This doesn't comply anyway as plastic pipe is not recognised as providing any mechanical protection. You wouldn't have a hope of it passing an electrical inspection.

Connected or not, you installed some fixed wiring which technically would have to be disclosed when you sell you house on the bit that says 'have you had any work performed on the house requiring planning permission or building notification'.


----------



## slim_boy_fat (Jun 23, 2006)

I'd be surprised if the OP settles for one double socket + one light once in and using the supply - in this case less is not more.

Get extra capacity built in at this stage and save problems/worry later.....


----------



## Rob_Quads (Jul 17, 2006)

I'm pretty sure that your only allowed to spur off a ring to a single item i.e. a single socket or single set of lights etc. You can't spur off a ring to another circuit running sockets & lights.
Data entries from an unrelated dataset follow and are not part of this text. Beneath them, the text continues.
section \<open>Constraints affine in the state variable\<close>

lemma affine_fun_on_line:
  fixes f :: "'h::real_vector \<Rightarrow> real"
  assumes "\<And>y y' t. f (t *\<^sub>R y + (1 - t) *\<^sub>R y') = t * f y + (1 - t) * f y'"
  shows "f (p + r *\<^sub>R L) = f p + r * (f (p + L) - f p)"
proof -
  have "p + r *\<^sub>R L = r *\<^sub>R (p + L) + (1 - r) *\<^sub>R p"
    by (simp add: algebra_simps)
  then show ?thesis
    using assms[of r "p + L" p] by (simp add: algebra_simps)
qed

lemma has_derivative_partial_fst:
  fixes f :: "'p::real_inner \<Rightarrow> 'h::real_inner \<Rightarrow> real"
  assumes "((\<lambda>(w, y). f w y) has_derivative (\<lambda>(dw, dy). fw \<bullet> dw + fy \<bullet> dy)) (at (u, y))"
  shows "((\<lambda>w. f w y) has_derivative (\<lambda>h. fw \<bullet> h)) (at u)"
  using has_derivative_compose[OF has_derivative_Pair[OF has_derivative_ident has_derivative_const] assms]
  by simp

lemma has_real_derivative_partial_snd_on_line:
  fixes f :: "'p::real_inner \<Rightarrow> 'h::real_inner \<Rightarrow> real"
  assumes "((\<lambda>(w, y). f w y) has_derivative (\<lambda>(dw, dy). fw \<bullet> dw + fy \<bullet> dy)) (at (u, p + s *\<^sub>R L))"
  shows "((\<lambda>r. f u (p + r *\<^sub>R L)) has_real_derivative fy \<bullet> L) (at s)"
proof -
  have "((\<lambda>r. (u, p + r *\<^sub>R L)) has_derivative (\<lambda>t. (0, t *\<^sub>R L))) (at s)"
    by (auto intro!: derivative_eq_intros)
  from has_derivative_compose[OF this assms] show ?thesis
    by (simp add: has_field_derivative_def mult.commute[of _ "fy \<bullet> L"])
qed

lemma has_derivative_affine_ray_param:
  fixes f :: "'p::real_inner \<Rightarrow> 'h::real_inner \<Rightarrow> real"
  assumes "open U" "u \<in> U"
    and deriv: "((\<lambda>(w, y). f w y) has_derivative (\<lambda>(dw, dy). fw \<bullet> dw + fy \<bullet> dy)) (at (u, p + r *\<^sub>R L))"
    and affine: "\<And>w y y' t. w \<in> U \<Longrightarrow> f w (t *\<^sub>R y + (1 - t) *\<^sub>R y') = t * f w y + (1 - t) * f w y'"
  shows "((\<lambda>w. f w p + r * (f w (p + L) - f w p)) has_derivative (\<lambda>h. fw \<bullet> h)) (at u)"
  using has_derivative_partial_fst[OF deriv] \<open>open U\<close> \<open>u \<in> U\<close>
  by (rule has_derivative_transform_within_open) (simp add: affine_fun_on_line affine)

lemma inner_gradient_affine_ray:
  fixes f :: "'p::real_inner \<Rightarrow> 'h::real_inner \<Rightarrow> real"
  assumes deriv: "((\<lambda>(w, y). f w y) has_derivative (\<lambda>(dw, dy). fw \<bullet> dw + fy \<bullet> dy)) (at (u, p + s *\<^sub>R L))"
    and affine: "\<And>y y' t. f u (t *\<^sub>R y + (1 - t) *\<^sub>R y') = t * f u y + (1 - t) * f u y'"
  shows "fy \<bullet> L = f u (p + L) - f u p"
proof -
  have "((\<lambda>r. f u p + r * (f u (p + L) - f u p)) has_real_derivative f u (p + L) - f u p) (at s)"
    by (auto intro!: derivative_eq_intros)
  then have "((\<lambda>r. f u (p + r *\<^sub>R L)) has_real_derivative f u (p + L) - f u p) (at s)"
    by (simp add: affine_fun_on_line affine)
  with has_real_derivative_partial_snd_on_line[OF deriv] show ?thesis
    by (rule DERIV_unique)
qed

lemma rho_out_t_eq_first_exit:
  assumes "\<And>j r. j \<in> J_in g M u \<xi> z \<Longrightarrow> g j w (\<xi> + z + r *\<^sub>R LK \<phi> K v) = a j w + r * b j w"
    and "\<And>j. j \<in> J_in g M u \<xi> z \<Longrightarrow> a j w < 0"
  shows "rho_out_t g M u \<xi> \<phi> K w v z = first_exit (J_in g M u \<xi> z) a b w"
proof -
  have "rho_out (g j) \<xi> \<phi> K w v z = ray_crossing (a j w) (b j w)" if "j \<in> J_in g M u \<xi> z" for j
    using assms that by (intro rho_out_eq_ray_crossing)
  then show ?thesis
    unfolding rho_out_t_def first_exit_def by simp
qed

lemma rho_in_t_eq_last_entry:
  assumes "\<And>j r. j \<in> J_out g M u \<xi> z \<Longrightarrow> g j w (\<xi> + z + r *\<^sub>R LK \<phi> K v) = a j w + r * b j w"
    and "\<And>j. j \<in> J_out g M u \<xi> z \<Longrightarrow> a j w > 0"
  shows "rho_in_t g M u \<xi> \<phi> K w v z = last_entry (J_out g M u \<xi> z) a b w"
proof -
  have "rho_in (g j) \<xi> \<phi> K w v z = ray_crossing (- a j w) (- b j w)" if "j \<in> J_out g M u \<xi> z" for j
    using assms that by (intro rho_in_eq_ray_crossing)
  then show ?thesis
    unfolding rho_in_t_def last_entry_def by simp
qed

lemma The_unique_member:
  assumes "\<exists>!j. j \<in> J \<and> P j"
  shows "(THE j. j \<in> J \<and> P j) \<in> J \<and> (\<forall>j\<in>J. P j \<longleftrightarrow> j = (THE j. j \<in> J \<and> P j))"
  using theI'[OF assms] assms by blast

section \<open>The sample terms\<close>

definition sample_gradient :: "(nat \<Rightarrow> 'p \<Rightarrow> 'h \<Rightarrow> real) \<Rightarrow> (nat \<Rightarrow> 'p \<Rightarrow> 'h \<Rightarrow> 'p::real_vector)
    \<Rightarrow> (nat \<Rightarrow> 'p \<Rightarrow> 'h \<Rightarrow> 'h) \<Rightarrow> nat \<Rightarrow> 'p \<Rightarrow> 'h \<Rightarrow> (nat \<Rightarrow> 'h::real_inner) \<Rightarrow> nat
    \<Rightarrow> (nat \<Rightarrow> real) \<Rightarrow> 'h \<Rightarrow> 'p" where
  "sample_gradient g gu gz M u \<xi> \<phi> K v z =
    window_gradient K (rho_out_t g M u \<xi> \<phi> K u v z) (rho_in_t g M u \<xi> \<phi> K u v z)
      (\<lambda>j r. gz j u (\<xi> + z + r *\<^sub>R LK \<phi> K v) \<bullet> LK \<phi> K v) (\<lambda>j r. gu j u (\<xi> + z + r *\<^sub>R LK \<phi> K v))
      (THE j. j \<in> J_out g M u \<xi> z \<and> rho_in (g j) \<xi> \<phi> K u v z = rho_in_t g M u \<xi> \<phi> K u v z)
      (THE j. j \<in> J_in g M u \<xi> z \<and> rho_out (g j) \<xi> \<phi> K u v z = rho_out_t g M u \<xi> \<phi> K u v z)"

lemma eventually_rho_t_eq_first_exit_last_entry:
  assumes "open U" "u \<in> U"
    and line: "\<And>j w r. j \<in> J_in g M u \<xi> z \<union> J_out g M u \<xi> z \<Longrightarrow> w \<in> U \<Longrightarrow>
      g j w (\<xi> + z + r *\<^sub>R LK \<phi> K v) = a j w + r * b j w"
    and cont: "\<And>j. j \<in> J_in g M u \<xi> z \<union> J_out g M u \<xi> z \<Longrightarrow> isCont (a j) u"
  shows "eventually (\<lambda>w. rho_out_t g M u \<xi> \<phi> K w v z = first_exit (J_in g M u \<xi> z) a b w \<and>
    rho_in_t g M u \<xi> \<phi> K w v z = last_entry (J_out g M u \<xi> z) a b w) (nhds u)"
proof -
  have J: "finite (J_in g M u \<xi> z)" "finite (J_out g M u \<xi> z)"
    by (simp_all add: J_in_def J_out_def)
  have "a j u = g j u (\<xi> + z)" if "j \<in> J_in g M u \<xi> z \<union> J_out g M u \<xi> z" for j
    using line[OF that \<open>u \<in> U\<close>, of 0] by simp
  then have "\<forall>j\<in>J_in g M u \<xi> z. a j u < 0" "\<forall>j\<in>J_out g M u \<xi> z. a j u > 0"
    by (auto simp: J_in_def J_out_def)
  moreover have "(a j \<longlongrightarrow> a j u) (nhds u)" if "j \<in> J_in g M u \<xi> z \<union> J_out g M u \<xi> z" for j
    using cont[OF that] by (simp add: isCont_def tendsto_at_iff_tendsto_nhds)
  ultimately have "eventually (\<lambda>w. w \<in> U \<and>
      (\<forall>j\<in>J_in g M u \<xi> z. a j w < 0) \<and> (\<forall>j\<in>J_out g M u \<xi> z. a j w > 0)) (nhds u)"
    using eventually_nhds_in_open[OF \<open>open U\<close> \<open>u \<in> U\<close>] J
    by (auto intro!: eventually_conj eventually_ball_finite order_tendstoD)
  then show ?thesis
    by eventually_elim (use line in \<open>auto intro!: rho_out_t_eq_first_exit rho_in_t_eq_last_entry\<close>)
qed

lemma has_derivative_sample_term_affine_rays:
  fixes a b :: "nat \<Rightarrow> 'p::real_inner \<Rightarrow> real"
    and gu :: "nat \<Rightarrow> 'p \<Rightarrow> 'h::real_inner \<Rightarrow> 'p" and gz :: "nat \<Rightarrow> 'p \<Rightarrow> 'h \<Rightarrow> 'h"
  assumes "K \<ge> 1" "open U" "u \<in> U"
    and line: "\<And>j w r. j \<in> J_in g M u \<xi> z \<union> J_out g M u \<xi> z \<Longrightarrow> w \<in> U \<Longrightarrow>
      g j w (\<xi> + z + r *\<^sub>R LK \<phi> K v) = a j w + r * b j w"
    and D: "\<And>j r. j \<in> J_in g M u \<xi> z \<union> J_out g M u \<xi> z \<Longrightarrow>
      ((\<lambda>w. a j w + r * b j w) has_derivative (\<lambda>h. gu j u (\<xi> + z + r *\<^sub>R LK \<phi> K v) \<bullet> h)) (at u)"
    and slope: "\<And>j r. j \<in> J_in g M u \<xi> z \<union> J_out g M u \<xi> z \<Longrightarrow>
      gz j u (\<xi> + z + r *\<^sub>R LK \<phi> K v) \<bullet> LK \<phi> K v = b j u"
    and A2: "rho_in_t g M u \<xi> \<phi> K u v z \<noteq> \<infinity> \<or> rho_out_t g M u \<xi> \<phi> K u v z \<noteq> \<infinity> \<Longrightarrow>
      rho_in_t g M u \<xi> \<phi> K u v z \<noteq> rho_out_t g M u \<xi> \<phi> K u v z"
    and A3_in: "0 < rho_in_t g M u \<xi> \<phi> K u v z \<Longrightarrow> rho_in_t g M u \<xi> \<phi> K u v z < \<infinity> \<Longrightarrow>
      \<exists>!j. j \<in> J_out g M u \<xi> z \<and> rho_in (g j) \<xi> \<phi> K u v z = rho_in_t g M u \<xi> \<phi> K u v z"
    and A3_out: "rho_out_t g M u \<xi> \<phi> K u v z < \<infinity> \<Longrightarrow>
      \<exists>!j. j \<in> J_in g M u \<xi> z \<and> rho_out (g j) \<xi> \<phi> K u v z = rho_out_t g M u \<xi> \<phi> K u v z"
  shows "((\<lambda>w. max 0 (chi_cdf_e K (rho_out_t g M u \<xi> \<phi> K w v z) - chi_cdf_e K (rho_in_t g M u \<xi> \<phi> K w v z)))
    has_derivative (\<lambda>h. sample_gradient g gu gz M u \<xi> \<phi> K v z \<bullet> h)) (at u)"
proof -
  define Ji where "Ji = J_in g M u \<xi> z"
  define Jo where "Jo = J_out g M u \<xi> z"
  define OUT where "OUT = first_exit Ji a b u"
  define IN where "IN = last_entry Jo a b u"
  define j1 where "j1 = (THE j. j \<in> J_out g M u \<xi> z \<and> rho_in (g j) \<xi> \<phi> K u v z = IN)"
  define j2 where "j2 = (THE j. j \<in> J_in g M u \<xi> z \<and> rho_out (g j) \<xi> \<phi> K u v z = OUT)"
  have "isCont (a j) u" if "j \<in> Ji \<union> Jo" for j
    using isCont_ray_family(1)[OF D] that by (auto simp: Ji_def Jo_def)
  then have "eventually (\<lambda>w. rho_out_t g M u \<xi> \<phi> K w v z = first_exit Ji a b w \<and>
      rho_in_t g M u \<xi> \<phi> K w v z = last_entry Jo a b w) (nhds u)"
    unfolding Ji_def Jo_def by (intro eventually_rho_t_eq_first_exit_last_entry[OF \<open>open U\<close> \<open>u \<in> U\<close> line])
  then have ev: "eventually (\<lambda>w. rho_out_t g M u \<xi> \<phi> K w v z = first_exit Ji a b w \<and>
      rho_in_t g M u \<xi> \<phi> K w v z = last_entry Jo a b w) (at u)"
    and rho_t_u: "rho_out_t g M u \<xi> \<phi> K u v z = OUT" "rho_in_t g M u \<xi> \<phi> K u v z = IN"
    by (simp_all add: eventually_nhds_conv_at OUT_def IN_def)
  have sign_u: "\<forall>j\<in>Ji. a j u < 0" "\<forall>j\<in>Jo. a j u > 0"
    using line[OF _ \<open>u \<in> U\<close>, of _ 0] by (auto simp: Ji_def Jo_def J_in_def J_out_def)
  have "rho_out (g j) \<xi> \<phi> K u v z = ray_crossing (a j u) (b j u)" if "j \<in> Ji" for j
    using that sign_u line[OF _ \<open>u \<in> U\<close>] by (intro rho_out_eq_ray_crossing) (auto simp: Ji_def)
  then have exit: "j2 \<in> Ji \<and> (\<forall>j\<in>Ji. ray_crossing (a j u) (b j u) = OUT \<longleftrightarrow> j = j2)" if "OUT < \<infinity>"
    using The_unique_member[OF A3_out[unfolded rho_t_u, OF that]]
    unfolding j2_def Ji_def[symmetric] by auto
  have "rho_in (g j) \<xi> \<phi> K u v z = ray_crossing (- a j u) (- b j u)" if "j \<in> Jo" for j
    using that sign_u line[OF _ \<open>u \<in> U\<close>] by (intro rho_in_eq_ray_crossing) (auto simp: Jo_def)
  then have entry: "j1 \<in> Jo \<and> (\<forall>j\<in>Jo. ray_crossing (- a j u) (- b j u) = IN \<longleftrightarrow> j = j1)"
    if "0 < IN" "IN < \<infinity>"
    using The_unique_member[OF A3_in[unfolded rho_t_u, OF that]]
    unfolding j1_def Jo_def[symmetric] by auto
  define G where "G = window_gradient K OUT IN (\<lambda>j r. b j u) (\<lambda>j r. gu j u (\<xi> + z + r *\<^sub>R LK \<phi> K v)) j1 j2"
  have "sample_gradient g gu gz M u \<xi> \<phi> K v z = G"
    unfolding sample_gradient_def G_def rho_t_u j1_def[symmetric] j2_def[symmetric]
    using slope exit entry by (intro window_gradient_cong) (auto simp: Ji_def Jo_def)
  moreover have "((\<lambda>w. max 0 (chi_cdf_e K (first_exit Ji a b w) - chi_cdf_e K (last_entry Jo a b w)))
      has_derivative (\<lambda>h. G \<bullet> h)) (at u)"
    unfolding G_def OUT_def IN_def
    by (rule has_derivative_chi_window[OF _ _ \<open>K \<ge> 1\<close> D[unfolded Ji_def[symmetric] Jo_def[symmetric]]])
       (use sign_u A2 exit entry in \<open>auto simp: rho_t_u OUT_def IN_def Ji_def Jo_def J_in_def J_out_def\<close>)
  ultimately show ?thesis
    using ev rho_t_u
    by (auto simp: OUT_def IN_def elim!: has_derivative_transform_eventually elim: eventually_mono)
qed
lemma op_cartesian_FPC_lift:
  assumes M: "stable_system_of_monics C M" "has_pullbacks_along C M"
    and u: "u \<in> M" and F: "is_FPC C e u n g"
  shows "op_cartesian (FPC_v C M) (restrict_cat C M) (target_obj C) target_arr (e, g, n, u)"
  unfolding op_cartesian_def
proof (intro conjI ballI impI)
  have stable: "\<And>f m p q. m \<in> M \<Longrightarrow> is_pullback C f m p q \<Longrightarrow> p \<in> M"
    and mono: "\<And>m. m \<in> M \<Longrightarrow> is_mono C m"
    using M(1) unfolding stable_system_of_monics_def by blast+
  have L: "is_pullback C u g e n" by (rule FPC_pullback[OF F])
  note dL = pullbackD[OF L]
  have "n \<in> M" using stable[OF u pullback_sym[OF L]] .
  then show "(e, g, n, u) \<in> Arr (FPC_v C M)" using u F by (simp add: FPC_v_arr_iff)
  fix \<psi> g' assume \<psi>: "\<psi> \<in> Arr (FPC_v C M)" and g': "g' \<in> Arr (restrict_cat C M)"
    and dom_\<psi>: "Dom (FPC_v C M) \<psi> = Dom (FPC_v C M) (e, g, n, u)"
    and dom_g': "Dom (restrict_cat C M) g' = target_obj C (Cod (FPC_v C M) (e, g, n, u))"
    and "Cod (restrict_cat C M) g' = target_obj C (Cod (FPC_v C M) \<psi>)"
    and target_\<psi>: "Comp (restrict_cat C M) g' (target_arr (e, g, n, u)) = target_arr \<psi>"
  obtain h \<alpha> where \<psi>_def: "\<psi> = (e, h, \<alpha>, g' \<cdot> u)"
    using dom_\<psi> target_\<psi> by (cases \<psi>) (simp add: target_arr_def)
  have g'M: "g' \<in> M" and dom_g': "Dom C g' = Cod C g"
    using g' dom_g' by (simp_all add: target_obj_def)
  have outer: "is_FPC C e (g' \<cdot> u) \<alpha> h" using \<psi> by (simp add: \<psi>_def FPC_v_arr_iff)
  have S: "is_pullback C (g' \<cdot> u) (g' \<cdot> g) e n"
    using pullback_postcompose_mono[OF L mono[OF g'M]] dom_g' dL by simp
  obtain \<gamma> where
    \<gamma>: "\<gamma> \<in> Arr C" "Dom C \<gamma> = Dom C g" "Cod C \<gamma> = Dom C h" "h \<cdot> \<gamma> = g' \<cdot> g" "\<gamma> \<cdot> n = \<alpha>"
    by (rule FPC_factor_pullback[OF outer S]) (use dL in simp)
  have right: "is_FPC C g g' \<gamma> h" by (rule FPC_decompose[OF M F u outer g'M dom_g' \<gamma>])
  have "\<gamma> \<in> M" using stable[OF g'M pullback_sym[OF FPC_pullback[OF right]]] .
  show "\<exists>!\<chi>. \<chi> \<in> Arr (FPC_v C M) \<and> Dom (FPC_v C M) \<chi> = Cod (FPC_v C M) (e, g, n, u) \<and>
      Cod (FPC_v C M) \<chi> = Cod (FPC_v C M) \<psi> \<and> Comp (FPC_v C M) \<chi> (e, g, n, u) = \<psi> \<and> target_arr \<chi> = g'"
  proof (rule ex1I[of _ "(g, h, \<gamma>, g')"])
    show "(g, h, \<gamma>, g') \<in> Arr (FPC_v C M) \<and> Dom (FPC_v C M) (g, h, \<gamma>, g') = Cod (FPC_v C M) (e, g, n, u) \<and>
      Cod (FPC_v C M) (g, h, \<gamma>, g') = Cod (FPC_v C M) \<psi> \<and>
      Comp (FPC_v C M) (g, h, \<gamma>, g') (e, g, n, u) = \<psi> \<and> target_arr (g, h, \<gamma>, g') = g'"
      using right g'M \<open>\<gamma> \<in> M\<close> \<gamma>(5) by (simp add: FPC_v_arr_iff target_arr_def \<psi>_def)
  next
    fix \<chi> assume "\<chi> \<in> Arr (FPC_v C M) \<and> Dom (FPC_v C M) \<chi> = Cod (FPC_v C M) (e, g, n, u) \<and>
      Cod (FPC_v C M) \<chi> = Cod (FPC_v C M) \<psi> \<and> Comp (FPC_v C M) \<chi> (e, g, n, u) = \<psi> \<and> target_arr \<chi> = g'"
    then obtain \<gamma>' where \<chi>_def: "\<chi> = (g, h, \<gamma>', g')" and right': "is_FPC C g g' \<gamma>' h"
      and "\<gamma>' \<cdot> n = \<alpha>"
      by (cases \<chi>) (simp add: FPC_v_arr_iff target_arr_def \<psi>_def)
    moreover note pullbackD[OF FPC_pullback[OF right']]
    ultimately have "\<gamma>' = \<gamma>"
      using FPC_factor_pullback_unique[OF outer S, of \<gamma>' \<gamma>] \<gamma> dL by simp
    then show "\<chi> = (g, h, \<gamma>, g')" by (simp add: \<chi>_def)
  qed
qed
Well thats what I picked up from PartP during my extension.


----------



## SteveyG (Apr 1, 2007)

Rob_Quads said:


> I'm pretty sure that your only allowed to spur off a ring to a single item i.e. a single socket or single set of lights etc. You can't spur off a ring to another circuit running sockets & lights.
> 
> Well thats what I picked up from PartP during my extension.


You're partly correct. You cannot spur off a spur, but if you spur using a fused connection unit, then you can have whatever you want on the other side because the spur cannot be overloaded as it's protected by the 13A fuse in the FCU (433.1.5).


----------



## w00044 (May 17, 2009)

slim_boy_fat said:


> I'd be surprised if the OP settles for one double socket + one light once in and using the supply - in this case less is not more.
> 
> Get extra capacity built in at this stage and save problems/worry later.....


You are correct, however once all wired up with light and one socket I can easily extend myself for more sockets as a radial circuit. Cheaper for me to do that than the electrician!

I've already been looking at heaters! :lol:


----------



## Darlofan (Nov 24, 2010)

SteveyG said:


> This doesn't comply anyway as plastic pipe is not recognised as providing any mechanical protection. You wouldn't have a hope of it passing an electrical inspection.
> 
> Connected or not, you installed some fixed wiring which technically would have to be disclosed when you sell you house on the bit that says 'have you had any work performed on the house requiring planning permission or building notification'.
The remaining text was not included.